2ª.) Esos «puntos sensibles» podrían abordarse en términos esencialistas, es decir, desde planteamientos válidos para cualquier tiempo y para cualquier acompañamiento. Pueden abordarse también de un modo contextualizado, prestando una atención especial a los factores culturales, espirituales y psicológicos que los condicionan. Considerando válidas ambas perspectivas, la de este artículo será claramente la segunda.

3ª.) Al escribir estas líneas pienso fundamentalmente en la gente en formación —religiosos y religiosas, seminaristas, etc.—, pero a la luz, sobre todo, de la experiencia inmediatamente posterior, es decir, de los primeros años de implicación apostólica. Hay un ejercicio de ida y vuelta del que ningún acompañante debería zafarse: pensar el presente de alguien desde su futuro, y al revés. Teniendo, pues, en cuenta estos objetivos y estos límites, he aquí los «puntos sensibles» del acompañamiento a los que me voy a referir:

1. ¿De qué o de quién me recibo? ¿Para qué o para quién existo?

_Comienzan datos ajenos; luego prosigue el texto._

lemma n_absorbing_colon_xI_prod_eq_Union:
  fixes I :: "'a::comm_ring_1 set"
  assumes U: "u_ring TYPE('a)" and B: "n_absorbing n I"
    and t: "t \<le> n" and Is: "\<forall>j<t. is_ideal (Is j)" and not_in_I: "\<not> xI_prod (n - t) t x Is \<subseteq> I"
  shows "colon I (xI_prod (n - t) t x Is) =
    (\<Union>i<n - t. colon I (xI_prod_omit_x (n - t) t x Is i))
    \<union> (\<Union>j<t. colon I (xI_prod_omit_I (n - t) t x Is j))"
proof -
  have I: "is_ideal I" using B unfolding n_absorbing_def by blast
  define m where "m = n - t"
  define F where "F = xI_factors x Is {..<m} {..<t}"
  have F: "size F = n" "\<forall>A\<in>#F. is_ideal A \<or> (\<exists>y. A = {y})" "\<not> set_prod F \<subseteq> I"
    using t Is not_in_I mem_colon_xI_prod[OF I, of 1]
    by (auto simp: F_def m_def xI_factors_def one_mem_colon_iff set_prod_add_one)
  have "r \<in> colon I (xI_prod m t x Is)
    \<longleftrightarrow> r \<in> (\<Union>i<m. colon I (xI_prod_omit_x m t x Is i)) \<union> (\<Union>j<t. colon I (xI_prod_omit_I m t x Is j))"
    for r
  proof -
    have "r \<in> colon I (xI_prod m t x Is) \<longleftrightarrow> (\<exists>A\<in>#F. set_prod (add_mset {r} (F - {#A#})) \<subseteq> I)"
      using n_absorbing_set_prod_insert_subset_iff[OF U B F] mem_colon_xI_prod[OF I] by (simp add: F_def)
    also have "\<dots> \<longleftrightarrow> (\<exists>i<m. set_prod (add_mset {r} (F - {#{x i}#})) \<subseteq> I)
        \<or> (\<exists>j<t. set_prod (add_mset {r} (F - {#Is j#})) \<subseteq> I)"
      by (auto simp: F_def xI_factors_def)
    also have "\<dots> \<longleftrightarrow> r \<in> (\<Union>i<m. colon I (xI_prod_omit_x m t x Is i)) \<union> (\<Union>j<t. colon I (xI_prod_omit_I m t x Is j))"
      by (auto simp: F_def xI_factors_remove mem_colon_xI_prod_omit_x[OF I] mem_colon_xI_prod_omit_I[OF I])
    finally show ?thesis .
  qed
  then show ?thesis unfolding m_def by blast
qed

lemma u_ring_colon_xI_prod_eq_omit:
  fixes I :: "'a::comm_ring_1 set"
  assumes U: "u_ring TYPE('a)" and I: "is_ideal I"
    and colon_eq: "colon I (xI_prod m t x Is) =
      (\<Union>i<m. colon I (xI_prod_omit_x m t x Is i)) \<union> (\<Union>j<t. colon I (xI_prod_omit_I m t x Is j))"
  shows "(\<exists>i<m. colon I (xI_prod m t x Is) = colon I (xI_prod_omit_x m t x Is i))
    \<or> (\<exists>j<t. colon I (xI_prod m t x Is) = colon I (xI_prod_omit_I m t x Is j))"
proof -
  define F where "F = (\<lambda>i. colon I (xI_prod_omit_x m t x Is i)) ` {..<m}
    \<union> (\<lambda>j. colon I (xI_prod_omit_I m t x Is j)) ` {..<t}"
  have "colon I (xI_prod m t x Is) = \<Union>F" "finite F" "\<forall>K\<in>F. is_ideal K"
    using colon_eq by (auto simp: F_def is_ideal_colon[OF I])
  then obtain K where "K \<in> F" "colon I (xI_prod m t x Is) = K"
    using u_ring_Union_eq[OF U is_ideal_colon[OF I]] by blast
  then show ?thesis unfolding F_def by blast
qed

lemma n_absorbing_if_colon_xI_prod_eq:
  assumes I: "is_ideal I" "I \<noteq> UNIV"
    and colon_eq: "\<And>a. \<not> xI_prod n 0 a Is \<subseteq> I
      \<Longrightarrow> \<exists>i<n. colon I (xI_prod n 0 a Is) = colon I (xI_prod_omit_x n 0 a Is i)"
  shows "n_absorbing n I"
  unfolding n_absorbing_def
proof (intro conjI I allI impI)
  fix a :: "nat \<Rightarrow> 'a" assume prod_in_I: "(\<Prod>i\<in>{..<n+1}. a i) \<in> I"
  have colon_prod: "r \<in> colon I (xI_prod n 0 a Is) \<longleftrightarrow> r * (\<Prod>k\<in>{..<n}. a k) \<in> I" for r
    using mem_colon_xI_prod[OF I(1)] by (simp add: set_prod_xI_factors_no_ideals)
  show "\<exists>j<n+1. (\<Prod>i\<in>{..<n+1} - {j}. a i) \<in> I"
  proof (cases "xI_prod n 0 a Is \<subseteq> I")
    case True
    then have "(\<Prod>i\<in>{..<n+1} - {n}. a i) \<in> I"
      using colon_prod[of 1] by (simp add: one_mem_colon_iff lessThan_Suc)
    then show ?thesis by (intro exI[of _ n]) simp
  next
    case False
    then obtain i where i: "i < n" "colon I (xI_prod n 0 a Is) = colon I (xI_prod_omit_x n 0 a Is i)"
      using colon_eq by blast
    have "a n \<in> colon I (xI_prod n 0 a Is)"
      using prod_in_I by (simp add: colon_prod lessThan_Suc mult.commute)
    then have "a n * (\<Prod>k\<in>{..<n} - {i}. a k) \<in> I"
      using i(2) mem_colon_xI_prod_omit_x[OF I(1)] by (simp add: set_prod_xI_factors_no_ideals)
    moreover have "{..<n+1} - {i} = insert n ({..<n} - {i})" using i(1) by auto
    ultimately show ?thesis using i(1) by (intro exI[of _ i]) simp
  qed
qed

CREATURA/DEPENDENCIA: Todos existimos ante Algo o ante Alguien. Una autonomía radical en la procedencia y en las metas humanas es impensable. El yo humano sólo se hace luminoso para sí mismo desde esa doble lectura: la de recibirse de Otro distinto de sí y la de existir para otra cosa que trasciende su propio yo. Todo comienza ahí. De las diversas lecturas que puedo hacer de mí mismo, de los demás o del mundo entero, hay una que consiste en verme surgiendo del amor de Dios, recibiéndome de él, y en la que todo lo demás lo veo surgiendo también de ese mismo amor.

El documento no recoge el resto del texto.